The marchers were of every age and race and creed but some of the young men walking into Victoria Park had their hair brutally shaved at the sides and back and grown out on top, the Depression-era haircut that George Halfpenny had made popular on Borodino Street. But I saw no sign of George or his brother Richard. More people were arriving. More lights were coming on. A Milky Way of white lights in Victoria Park.
And then finally we saw him. George Halfpenny.
‘Ladies and gentlemen,’ Edie said. ‘Please give a big hand to your pound store prophet.’
The crowd outside the entrance to Victoria Park was parting to allow a rickshaw to enter. George Halfpenny, his face drenched in sweat, acknowledged a burst of spontaneous applause
with a curt nod as phones were pointed at his face. Young men with the same brutalist haircut touched the side of his rickshaw, as if the converted tricycle had healing properties. As usual, his brother Richard sat in the back like some stocky, overfed little pharaoh.
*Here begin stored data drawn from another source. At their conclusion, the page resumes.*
theorem corollary5p5:
  fixes D :: "'a::field set" and star :: "'a set \<Rightarrow> 'a set"
  assumes "subring D" and "quotient_field_of D"
    and "semistar D star"
    and "PMD D star"
  shows "(\<forall>T. overring D T \<longrightarrow> PMD T star)
    \<and> (\<forall>T. overring D T \<and> t_linked D star T \<longrightarrow> PvMD T)
    \<and> PvMD (star_bracket D star)
    \<and> (kcolon D (star D) \<noteq> {0} \<longrightarrow> PvMD (cic D))"
proof -
  interpret semistar_domain D star
    using assms(1,3) by unfold_locales
  have "PvMD (star_bracket D star)"
    by (rule PvMD_if_t_linked[OF assms(4) overring_star_bracket t_linked_star_bracket])
  moreover have "PvMD (cic D)" if "kcolon D (star D) \<noteq> {0}"
    by (rule PvMD_if_t_linked[OF assms(4) overring_cic[OF assms(1)] t_linked_cic[OF that]])
  ultimately show ?thesis
    using PMD_overring[OF assms(4)] PvMD_if_t_linked[OF assms(4)] by blast
qed

end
A Styrofoam cup of coffee hit the top of the rickshaw.
Not everyone was a fan, it seemed.
A small gang of the local youth were jeering and giving the finger to George Halfpenny.
There were perhaps a dozen of them; the boys – and they were mostly boys – were all wispy beards and New York Yankees baseball caps, caught between the faith of their fathers and the sports franchises of the west.
There were two girls with the little gang and one of them was Layla Khan.
She already looked older, taller, her black hair longer and a hard mocking look on her face.
‘What’s Layla doing here?’ Edie said, like an irritated big sister. ‘If any of these marchers realise who she is …’
The locals laughed as Halfpenny pedalled his rickshaw into the park. They followed in a jeering little gang, Layla in the middle of them, looking like she was having a fine old time. Edie watched them go, biting her lower lip.
‘You want to give George Halfpenny a tug?’ she asked. ‘We need to know where he was when Ahmed Khan was killed.’
‘Not here,’ I said. ‘We’ll do our TIE on George somewhere a bit less crowded.’
We left the BMW X5 outside the gates and followed the crowds into Victoria Park. Full darkness had fallen now but the park was lit by the white lights of those countless phones and by the orange glow that hovers over the city at night. The press of the people increased the deeper we went into the park. Edie and I tried to stay together but she was slowly being carried away from me by the current of the crowd, as if caught in a riptide.
And then, almost close enough to reach out and touch if I had the room to move my arms, I saw the priest.
And I realised that I knew him.
And I saw that it had always been the same priest on Borodino Street.